O cancelamento registral (latiore sensu, ou seja, abrangendo o encerramento de uma inscrição) é sempre dotado de efeitos registrais negativos, embora caiba discriminar a extensão desses efeitos. Uma coisa, p.ex., é cancelar um registro em vista de sua nulidade direta (ou formal: falta de observância dos requisitos da própria inscrição afligida) ou indireta (material: nulidade do título que amparou o registro cancelado). Outra coisa, muito diversa, é «cancelar» (rectius: encerrar) uma dada matrícula por exaustão do imóvel seu objeto, ou «cancelar» um registro por esgotamento do direito inscrito (v.g., o registro de uma hipoteca, quando o devedor satisfaz o débito garantido).

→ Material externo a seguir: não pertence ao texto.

lemma quartic_exponent_le_linear:
  fixes q s x :: real
  assumes "0 \<le> q" "q \<le> x\<^sup>2 / 2" "x\<^sup>2 / 2 - 1 \<le> q"
  shows "x + (\<bar>s\<bar> * q - q\<^sup>2) \<le> (\<bar>s\<bar> + 3)\<^sup>2 / 4 + 2 - x"
proof -
  define y where "y = x\<^sup>2 / 2"
  have "y\<^sup>2 - 2 * y \<le> q\<^sup>2"
  proof (cases "y \<le> 2")
    case True
    with assms have "y * (y - 2) \<le> 0"
      unfolding y_def by (intro mult_nonneg_nonpos) auto
    moreover have "0 \<le> q * q"
      by simp
    ultimately show ?thesis
      unfolding power2_eq_square right_diff_distrib by linarith
  next
    case False
    then have "(y - 1)\<^sup>2 \<le> q\<^sup>2"
      using assms unfolding y_def by (intro power_mono) auto
    then show ?thesis
      by (simp add: power2_eq_square algebra_simps)
  qed
  moreover have "\<bar>s\<bar> * q \<le> \<bar>s\<bar> * y"
    using assms unfolding y_def by (intro mult_left_mono) auto
  moreover have "2 * x \<le> y + 2"
    using sum_squares_ge_zero[of "x - 2" 0] unfolding y_def by (simp add: power2_eq_square algebra_simps)
  moreover have "(\<bar>s\<bar> + 3) * y - y\<^sup>2 \<le> (\<bar>s\<bar> + 3)\<^sup>2 / 4"
    using sum_squares_ge_zero[of "y - (\<bar>s\<bar> + 3) / 2" 0] by (simp add: power2_eq_square field_simps)
  ultimately show ?thesis
    by (simp add: algebra_simps)
qed

lemma abs_saw_profile_le: "\<bar>saw_profile s N x\<bar> \<le> exp ((\<bar>s\<bar> + 3)\<^sup>2 / 4 + 2 - x)"
proof (cases "0 \<le> x \<and> nat \<lfloor>sqrt (2 * real N) * (x\<^sup>2 / 2)\<rfloor> < N")
  case False
  then show ?thesis
    unfolding saw_profile_def step_profile_def by auto
next
  case True
  define a where "a = sqrt (2 * real N)"
  define m where "m = nat \<lfloor>a * (x\<^sup>2 / 2)\<rfloor>"
  define q where "q = real m / a"
  have m: "m < N"
    using True unfolding m_def a_def by auto
  have a: "1 \<le> a"
    unfolding a_def using m by simp
  have "q \<le> x\<^sup>2 / 2" "x\<^sup>2 / 2 - 1 / a < q"
    using nat_floor_mult_div_bounds[of a "x\<^sup>2 / 2"] a unfolding q_def m_def by auto
  moreover have "1 / a \<le> 1" "0 \<le> q"
    unfolding q_def using a by simp_all
  ultimately have "x + (\<bar>s\<bar> * q - q\<^sup>2) \<le> (\<bar>s\<bar> + 3)\<^sup>2 / 4 + 2 - x"
    by (intro quartic_exponent_le_linear) auto
  then have exponent: "exp (x + (\<bar>s\<bar> * q - q\<^sup>2)) \<le> exp ((\<bar>s\<bar> + 3)\<^sup>2 / 4 + 2 - x)"
    by simp
  have "\<bar>saw_profile s N x\<bar> = x * \<bar>saw_term s N m\<bar>"
    unfolding saw_profile_def step_profile_def m_def a_def using True by (simp add: abs_mult)
  also have "\<dots> \<le> exp x * exp (\<bar>s\<bar> * q - q\<^sup>2)"
  proof (rule mult_mono)
    show "x \<le> exp x"
      using exp_ge_add_one_self[of x] by linarith
    show "\<bar>saw_term s N m\<bar> \<le> exp (\<bar>s\<bar> * q - q\<^sup>2)"
      using abs_saw_term_le[OF m, of s] unfolding q_def a_def .
  qed simp_all
  also have "\<dots> \<le> exp ((\<bar>s\<bar> + 3)\<^sup>2 / 4 + 2 - x)"
    using exponent by (simp add: mult_exp_exp)
  finally show ?thesis .
qed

Diversamente da lacuna da normativa brasileira em enunciar as espécies de cancelamento registral, alistou-as a Ley hipotecaria espanhola (Decreto de 8-2-1946), em seu art. 79:
“Podrá pedirse y deberá ordenarse, en su caso, la cancelación total de las inscripciones o anotaciones preventivas:
Primero. Cuando se extinga por completo el inmueble objeto de las mismas.

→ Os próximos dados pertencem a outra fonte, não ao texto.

lemma leading_term_YM_b:
  assumes g: "sl2r g" and n: "1 \<le> n" and w: "leading_term p (A,P,S,B) h w"
  shows "leading_term (p + 1) (A,P,S,B + {#n#}) (\<lambda>\<tau>. h \<tau> / (jf g \<tau>)^2) (YM (piB g) (- int n - 1) w)"
proof -
  have "Im (mob g \<i>) > 0" using mob_in_HH[OF g ii_in_HH] by (simp add: HH_def)
  then have "emono \<in> supp (piB g)"
    using ii_in_HH unfolding supp_def piB_def mon_def nz_def by (auto intro!: bexI[of _ \<i>])
  then have "supp (piB g) = {emono}" using supp_mon unfolding piB_def by blast
  then have "YM (piB g) (- int n - 1) w = FM (mob g) (- int n - 1) w"
    unfolding YM_def by (simp add: msize_def emono_def piB_def mon_def)
  moreover have "leading_term (p + 1) (A,P,S,B + {#n#}) (\<lambda>\<tau>. h \<tau> / (jf g \<tau>)^2)
      (FM (mob g) (- int n - 1) w)"
    using leading_term_FM_deriv[OF n w, of "mob g"]
    by (rule leading_term_cong) (simp add: deriv_mob[OF g])
  ultimately show ?thesis by simp
qed

lemma leading_term_YM_phi:
  assumes g: "sl2r g" and q: "q \<notin> P" and w: "leading_term p (A,P,S,B) h w"
  shows "leading_term (p + 1) (A,insert q P,S,B)
    (\<lambda>\<tau>. (-1) ^ card {x\<in>P. q < x} * (1 / (jf g \<tau>)^2 * h \<tau>)) (YM (piPhi g) (- int q - 1) w)"
proof -
  have "nz (\<lambda>\<tau>. 1 / (jf g \<tau>)^2)" using jf_nonzero[OF g ii_in_HH] ii_in_HH unfolding nz_def by auto
  then have "phi_mono \<in> supp (piPhi g)" by (simp add: supp_def piPhi_def mon_def phi_mono_def)
  then have "supp (piPhi g) = {phi_mono}" using supp_mon unfolding piPhi_def phi_mono_def by blast
  then have "YM (piPhi g) (- int q - 1) w = Yf (Suc 0) phi_mono (\<lambda>\<tau>. 1 / (jf g \<tau>)^2) (- int q - 1) w"
    unfolding YM_def by (simp add: msize_def phi_mono_def piPhi_def mon_def del: Yf.simps)
  then show ?thesis using leading_term_Y_phi[OF q w, of "\<lambda>\<tau>. 1 / (jf g \<tau>)^2"] by (simp only:)
qed

lemma leading_term_YM_psi:
  assumes g: "sl2r g" and s: "s \<notin> S" "1 \<le> s" and w: "leading_term p (A,P,S,B) h w"
  shows "leading_term (p - 1) (A,P,insert s S,B)
    (\<lambda>\<tau>. (-1) ^ (card P + card {x\<in>S. s < x}) * ((jf g \<tau>)^2 * h \<tau>)) (YM (piPsi g) (- int s) w)"
proof -
  have "psi_mono \<in> supp (piPsi g)"
    using nz_jf_square[OF g] by (simp add: supp_def piPsi_def mon_def psi_mono_def)
  then have "supp (piPsi g) = {psi_mono}" using supp_mon unfolding piPsi_def psi_mono_def by blast
  then have "YM (piPsi g) (- int s) w = Yf (Suc 0) psi_mono (\<lambda>\<tau>. (jf g \<tau>)^2) (- int s) w"
    unfolding YM_def by (simp add: msize_def psi_mono_def piPsi_def mon_def del: Yf.simps)
  then show ?thesis using leading_term_Y_psi[OF s w, of "\<lambda>\<tau>. (jf g \<tau>)^2"] by (simp only:)
qed

definition pi_leading_term :: "real4 \<Rightarrow> mono \<Rightarrow> cfun \<Rightarrow> state \<Rightarrow> bool" where
  "pi_leading_term g m f w \<longleftrightarrow>
     leading_term (part m) m (\<lambda>\<tau>. (jf g \<tau>) powi (- 2 * part m) * f (mob g \<tau>)) w"

lemma powi_add_two: "(z::complex) \<noteq> 0 \<Longrightarrow> z powi (a + 2) = z powi a * z^2"
  by (simp add: power_int_add)

lemma pi_leading_term_YM_a:
  assumes g: "sl2r g" and n: "n \<in># A" "0 \<notin># A" and w: "pi_leading_term g (A - {#n#},P,S,B) f w"
  shows "pi_leading_term g (A,P,S,B) f (YM (piA g) (- int n) w)"
proof -
  have "1 \<le> n" using n by (cases n) auto
  have "Suc 0 \<le> size A" using n(1) by (auto simp: Suc_le_eq nonempty_has_size[symmetric])
  then have p: "part (A - {#n#},P,S,B) = part (A,P,S,B) + 1"
    using n by (simp add: part_eq size_Diff_singleton of_nat_diff)
  have "leading_term (part (A,P,S,B)) (A,P,S,B)
      (\<lambda>\<tau>. (jf g \<tau>)^2 * ((jf g \<tau>) powi (- 2 * (part (A,P,S,B) + 1)) * f (mob g \<tau>)))
      (YM (piA g) (- int n) w)"
    using leading_term_YM_a[OF g \<open>1 \<le> n\<close> w[unfolded pi_leading_term_def p]] n by (simp add: insert_DiffM)
  then show ?thesis unfolding pi_leading_term_def
    by (rule leading_term_cong)
      (use powi_add_two[of "jf g _" "- 2 * (part (A,P,S,B) + 1)"] jf_nonzero[OF g]
        in \<open>simp add: algebra_simps\<close>)
qed

lemma pi_leading_term_YM_b:
  assumes g: "sl2r g" and n: "n \<in># B" "0 \<notin># B" and w: "pi_leading_term g (A,P,S,B - {#n#}) f w"
  shows "pi_leading_term g (A,P,S,B) f (YM (piB g) (- int n - 1) w)"
proof -
  have "1 \<le> n" using n by (cases n) auto
  have "Suc 0 \<le> size B" using n(1) by (auto simp: Suc_le_eq nonempty_has_size[symmetric])
  then have p: "part (A,P,S,B - {#n#}) = part (A,P,S,B) - 1"
    using n by (simp add: part_eq size_Diff_singleton of_nat_diff)
  have "leading_term (part (A,P,S,B)) (A,P,S,B)
      (\<lambda>\<tau>. (jf g \<tau>) powi (- 2 * (part (A,P,S,B) - 1)) * f (mob g \<tau>) / (jf g \<tau>)^2)
      (YM (piB g) (- int n - 1) w)"
    using leading_term_YM_b[OF g \<open>1 \<le> n\<close> w[unfolded pi_leading_term_def p]] n by (simp add: insert_DiffM)
  then show ?thesis unfolding pi_leading_term_def
    by (rule leading_term_cong)
      (use powi_add_two[of "jf g _" "- 2 * part (A,P,S,B)"] jf_nonzero[OF g]
        in \<open>simp add: algebra_simps\<close>)
qed

text \<open>Since q is the largest element of P, \<phi>_(-q) is created in front of all other \<phi>'s
  and no sign occurs; likewise for \<psi>_(-s) below.\<close>
lemma pi_leading_term_YM_phi:
  assumes g: "sl2r g" and q: "q \<in> P" "finite P" "\<forall>x\<in>P. x \<le> q"
    and w: "pi_leading_term g (A,P - {q},S,B) f w"
  shows "pi_leading_term g (A,P,S,B) f (YM (piPhi g) (- int q - 1) w)"
proof -
  have p: "part (A,P - {q},S,B) = part (A,P,S,B) - 1"
    using card_remove_int[OF q(2,1)] by (simp add: part_eq)
  have "card {x\<in>P - {q}. q < x} = 0" "insert q (P - {q}) = P" using q by (auto simp: card_eq_0_iff)
  then have "leading_term (part (A,P,S,B)) (A,P,S,B)
      (\<lambda>\<tau>. 1 / (jf g \<tau>)^2 * ((jf g \<tau>) powi (- 2 * (part (A,P,S,B) - 1)) * f (mob g \<tau>)))
      (YM (piPhi g) (- int q - 1) w)"
    using leading_term_YM_phi[OF g _ w[unfolded pi_leading_term_def p], of q] by simp
  then show ?thesis unfolding pi_leading_term_def
    by (rule leading_term_cong)
      (use powi_add_two[of "jf g _" "- 2 * part (A,P,S,B)"] jf_nonzero[OF g]
        in \<open>simp add: algebra_simps\<close>)
qed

Segundo. Cuando se extinga también por completo el derecho inscrito o anotado.
Tercero. Cuando se declare la nulidad del título en cuya virtud se hayan hecho.
Cuarto. Cuando se declare su nulidad por falta de alguno de sus requisitos esenciales, conforme a lo dispuesto en esta Ley”.
Assim, de acordo com esse dispositivo, o cancelamento registral poderá ter por objeto quer uma inscrição definitiva (é dizer, registro em sentido estrito e averbação), quer uma inscrição provisória (seja em acepção restrita, seja a prenotação).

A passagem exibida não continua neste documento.